definition sconv :: "('b \<Rightarrow> ecomplex) \<Rightarrow> ecomplex \<Rightarrow> 'b filter \<Rightarrow> bool" where
  "sconv f L F \<longleftrightarrow> ((\<lambda>e. to_sphere (f e)) \<longlongrightarrow> to_sphere L) F"

type_synonym mat = "complex \<times> complex \<times> complex \<times> complex"

definition mdet :: "mat \<Rightarrow> complex" where
  "mdet M = (case M of (a, b, c, d) \<Rightarrow> a * d - b * c)"

definition mmul :: "mat \<Rightarrow> mat \<Rightarrow> mat" where
  "mmul M N = (case M of (a, b, c, d) \<Rightarrow> case N of (a', b', c', d') \<Rightarrow>
      (a * a' + b * c', a * b' + b * d', c * a' + d * c', c * b' + d * d'))"

definition mid :: mat where "mid = (1, 0, 0, 1)"

definition minv :: "mat \<Rightarrow> mat" where
  "minv M = (case M of (a, b, c, d) \<Rightarrow> (d, -b, -c, a))"

definition msmul :: "complex \<Rightarrow> mat \<Rightarrow> mat" where
  "msmul l M = (case M of (a, b, c, d) \<Rightarrow> (l * a, l * b, l * c, l * d))"

definition mpow :: "mat \<Rightarrow> int \<Rightarrow> mat" where
  "mpow M k = (if 0 \<le> k then ((mmul M) ^^ nat k) mid else ((mmul (minv M)) ^^ nat (- k)) mid)"

definition mob_app :: "mat \<Rightarrow> ecomplex \<Rightarrow> ecomplex" where
  "mob_app M z = (case M of (a, b, c, d) \<Rightarrow>
     (case z of
        None \<Rightarrow> (if c = 0 then None else Some (a / c))
      | Some w \<Rightarrow> (if c * w + d = 0 then None else Some ((a * w + b) / (c * w + d)))))"

definition is_fixed :: "mat \<Rightarrow> ecomplex \<Rightarrow> bool" where
  "is_fixed M z \<longleftrightarrow> mob_app M z = z"

text \<open>Multiplier at a fixed point = derivative there (in the chart 1/z at infinity,
  where the map reads w \<mapsto> 1 / f(1/w) = (c + d w)/(a + b w)).\<close>
definition multiplier :: "mat \<Rightarrow> ecomplex \<Rightarrow> complex" where
  "multiplier M z = (case M of (a, b, c, d) \<Rightarrow>
     (case z of
        None \<Rightarrow> deriv (\<lambda>w. (c + d * w) / (a + b * w)) 0
      | Some p \<Rightarrow> deriv (\<lambda>w. (a * w + b) / (c * w + d)) p))"

definition attracting_fp :: "mat \<Rightarrow> ecomplex \<Rightarrow> bool" where
  "attracting_fp M z \<longleftrightarrow> is_fixed M z \<and> cmod (multiplier M z) < 1"
(* Let $\alpha\in(0,1)$, $c>1$, let $\theta$ be an admissable function with respect to $\alpha$ and $c$, let $\phi$ be the Borel measure on $(0,\infty)$ with $\phi((t,\infty))=t^{-\alpha}\theta(\log t)$ for $t>0$, let $\widetilde\psi(x)=\int_0^\infty(1-e^{-xt})\,d\phi(t)$ and $G^\ast(x)=1/\widetilde\psi(x)$ for $x>0$. Then the primitive $G_I^\ast(x):=\int_0^x G^\ast(y)\,dy$ is a self-similar Bernstein function with respect to $1-\alpha\in(0,1)$ and $d:=c^{\frac{1-\alpha}{\alpha}}>1$, i.e. $G_I^\ast$ is a Bernstein function and $G_I^\ast(d^{\frac{1}{1-\alpha}}x)=d\cdot G_I^\ast(x)$ for all $x>0$.
   Context: A Bernstein function is a non-negative $C^\infty$ function $f$ on $(0,\infty)$ with $(-1)^{n-1}f^{(n)}(x)\ge0$ for all $n\in\mathbb{N}$, $x>0$. A function $\theta:\mathbb{R}\to\mathbb{R}$ is admissable with respect to $\alpha\in(0,1)$ and $c>1$ if $\theta(x)>0$ for all $x$, $t\mapsto t^{-\alpha}\theta(\log t)$ is non-increasing on $(0,\infty)$, and $\theta$ is $\log(c^{1/\alpha})$-periodic. *)

theory Defs
  imports "HOL-Analysis.Analysis"
begin

definition bernstein :: "(real \<Rightarrow> real) \<Rightarrow> bool" where
  "bernstein f \<longleftrightarrow>
     (\<forall>x>0. f x \<ge> 0) \<and>
     (\<forall>n. \<forall>x>0. ((deriv ^^ n) f) differentiable (at x)) \<and>
     (\<forall>n\<ge>1. \<forall>x>0. (-1) ^ (n - 1) * (deriv ^^ n) f x \<ge> 0)"

definition admissable :: "real \<Rightarrow> real \<Rightarrow> (real \<Rightarrow> real) \<Rightarrow> bool" where
  "admissable \<alpha> c \<theta> \<longleftrightarrow>
     (\<forall>x. \<theta> x > 0) \<and>
     (\<forall>s t. 0 < s \<longrightarrow> s \<le> t \<longrightarrow> t powr (-\<alpha>) * \<theta> (ln t) \<le> s powr (-\<alpha>) * \<theta> (ln s)) \<and>
     (\<forall>x. \<theta> (x + ln (c powr (1 / \<alpha>))) = \<theta> x)"

end

theory Submission
  imports Defs
begin

(* Differentiating under the integral sign, with dominating functions that are multiples of
   min 1 t (phi-integrable since theta <= c * theta 0 makes phi {t<..} = O(t powr -alpha)),
   psi is positive with a completely monotone derivative. Leibniz's rule applied to
   (1 / psi)' = - psi' * (1 / psi)^2 then shows that G = 1 / psi is completely monotone, so its
   primitive GI is a Bernstein function. Periodicity of theta means that the image of phi under
   t |-> rho * t, where rho = c powr (1 / alpha), is c * phi. Hence psi (rho * x) = c * psi x,
   and substituting y = rho * u in GI gives GI (rho * x) = (rho / c) * GI x, where rho / c = d
   and rho = d powr (1 / (1 - alpha)). *)

section \<open>Higher derivatives and reciprocals\<close>

lemma higher_deriv_eq_derivative_chain:
  assumes chain: "\<And>n x. x > 0 \<Longrightarrow> (S n has_real_derivative S (Suc n) x) (at x)"
    and "x > 0"
  shows "(deriv ^^ n) (S 0) x = S n x"
  using \<open>x > 0\<close>
proof (induction n arbitrary: x)
  case (Suc n)
  have "eventually (\<lambda>y. (deriv ^^ n) (S 0) y = S n y) (nhds x)"
    using eventually_nhds_in_open[of "{0<..}" x] Suc by (auto elim!: eventually_mono)
  then have "deriv ((deriv ^^ n) (S 0)) x = deriv (S n) x"
    by (rule deriv_cong_ev) simp
  also have "\<dots> = S (Suc n) x"
    using chain[OF Suc.prems] by (rule DERIV_imp_deriv)
  finally show ?case by simp
qed simp

lemma bernstein_if_derivative_chain:
  assumes chain: "\<And>n x. x > 0 \<Longrightarrow> (S n has_real_derivative S (Suc n) x) (at x)"
    and nonneg: "\<And>x. x > 0 \<Longrightarrow> S 0 x \<ge> 0"
    and sign: "\<And>n x. n \<ge> 1 \<Longrightarrow> x > 0 \<Longrightarrow> (-1) ^ (n - 1) * S n x \<ge> 0"
  shows "bernstein (S 0)"
  unfolding bernstein_def
proof (intro conjI allI impI)
  fix n :: nat and x :: real
  assume "x > 0"
  have "((deriv ^^ n) (S 0) has_real_derivative S (Suc n) x) (at x)"
    using chain[OF \<open>x > 0\<close>] open_greaterThan
    by (rule has_field_derivative_transform_within_open)
      (use \<open>x > 0\<close> higher_deriv_eq_derivative_chain[of S, OF chain] in auto)
  then show "(deriv ^^ n) (S 0) differentiable (at x)"
    using real_differentiable_def by blast
  show "n \<ge> 1 \<Longrightarrow> (-1) ^ (n - 1) * (deriv ^^ n) (S 0) x \<ge> 0"
    using sign \<open>x > 0\<close> higher_deriv_eq_derivative_chain[of S, OF chain] by simp
qed (use nonneg in auto)

definition leibniz_sum :: "(nat \<Rightarrow> real \<Rightarrow> real) \<Rightarrow> (nat \<Rightarrow> real \<Rightarrow> real) \<Rightarrow> nat \<Rightarrow> real \<Rightarrow> real" where
  "leibniz_sum F H n x = (\<Sum>i\<le>n. real (n choose i) * F i x * H (n - i) x)"

lemma leibniz_sum_Suc:
  "(\<Sum>i\<le>n. real (n choose i) * (F (Suc i) x * H (n - i) x + F i x * H (Suc (n - i)) x))
     = leibniz_sum F H (Suc n) x"
proof -
  define R where "R = (\<Sum>i\<le>n. real (n choose Suc i) * F (Suc i) x * H (n - i) x)"
  have "leibniz_sum F H (Suc n) x = F 0 x * H (Suc n) x
      + (\<Sum>i\<le>n. real (n choose i) * F (Suc i) x * H (n - i) x) + R"
    unfolding leibniz_sum_def sum.atMost_Suc_shift R_def
    by (simp add: sum.distrib algebra_simps)
  moreover have "(\<Sum>i\<le>n. real (n choose i) * F i x * H (Suc (n - i)) x)
      = (\<Sum>i\<le>Suc n. real (n choose i) * F i x * H (Suc n - i) x)"
    by (simp add: Suc_diff_le)
  then have "(\<Sum>i\<le>n. real (n choose i) * F i x * H (Suc (n - i)) x) = F 0 x * H (Suc n) x + R"
    unfolding sum.atMost_Suc_shift R_def by simp
  ultimately show ?thesis
    by (simp add: sum.distrib algebra_simps)
qed

lemma has_real_derivative_leibniz_sum:
  assumes F: "\<And>k. k \<le> n \<Longrightarrow> (F k has_real_derivative F (Suc k) x) (at x)"
    and H: "\<And>k. k \<le> n \<Longrightarrow> (H k has_real_derivative H (Suc k) x) (at x)"
  shows "(leibniz_sum F H n has_real_derivative leibniz_sum F H (Suc n) x) (at x)"
proof -
  have "((\<lambda>y. real (n choose i) * F i y * H (n - i) y) has_real_derivative
      real (n choose i) * (F (Suc i) x * H (n - i) x + F i x * H (Suc (n - i)) x)) (at x)"
    if "i \<le> n" for i
    using F[OF that] H[of "n - i"] by (auto intro!: derivative_eq_intros simp: algebra_simps)
  then have "((\<lambda>y. \<Sum>i\<le>n. real (n choose i) * F i y * H (n - i) y) has_real_derivative
     (\<Sum>i\<le>n. real (n choose i) * (F (Suc i) x * H (n - i) x + F i x * H (Suc (n - i)) x))) (at x)"
    by (intro DERIV_sum) auto
  then show ?thesis
    unfolding leibniz_sum_def[abs_def] leibniz_sum_Suc[unfolded leibniz_sum_def] .
qed

lemma leibniz_sum_alternating_sign:
  assumes "\<And>k. k \<le> n \<Longrightarrow> (-1) ^ k * F k x \<ge> 0"
    and "\<And>k. k \<le> n \<Longrightarrow> (-1) ^ k * H k x \<ge> 0"
  shows "(-1) ^ n * leibniz_sum F H n x \<ge> 0"
proof -
  have "(-1) ^ n * leibniz_sum F H n x
      = (\<Sum>i\<le>n. real (n choose i) * ((-1) ^ i * F i x) * ((-1) ^ (n - i) * H (n - i) x))"
    unfolding leibniz_sum_def sum_distrib_left
    by (intro sum.cong refl) (simp add: algebra_simps flip: power_add)
  also have "\<dots> \<ge> 0"
    using assms by (intro sum_nonneg mult_nonneg_nonneg[OF mult_nonneg_nonneg]) auto
  finally show ?thesis .
qed

(* With p k standing for the (k+1)-st derivative of f, recip_derivs f p n is the n-th derivative
   of 1 / f, obtained by differentiating (1 / f)' = - f' * (1 / f)^2 with Leibniz's rule. *)
fun recip_derivs :: "(real \<Rightarrow> real) \<Rightarrow> (nat \<Rightarrow> real \<Rightarrow> real) \<Rightarrow> nat \<Rightarrow> real \<Rightarrow> real" where
  "recip_derivs f p 0 x = 1 / f x"
| "recip_derivs f p (Suc n) x = - (\<Sum>k\<le>n. real (n choose k) * p k x *
      (\<Sum>l\<le>n - k. real ((n - k) choose l) * recip_derivs f p l x * recip_derivs f p (n - k - l) x))"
########################################
Copy out each line of the data above, exactly, if it lies between the line holding "H k x \<ge>" and the line holding "choose i) * ((-1)", inclusive; copy no other line.

Worked solution -
    and "\<And>k. k \<le> n \<Longrightarrow> (-1) ^ k * H k x \<ge> 0"
  shows "(-1) ^ n * leibniz_sum F H n x \<ge> 0"
proof -
  have "(-1) ^ n * leibniz_sum F H n x
      = (\<Sum>i\<le>n. real (n choose i) * ((-1) ^ i * F i x) * ((-1) ^ (n - i) * H (n - i) x))"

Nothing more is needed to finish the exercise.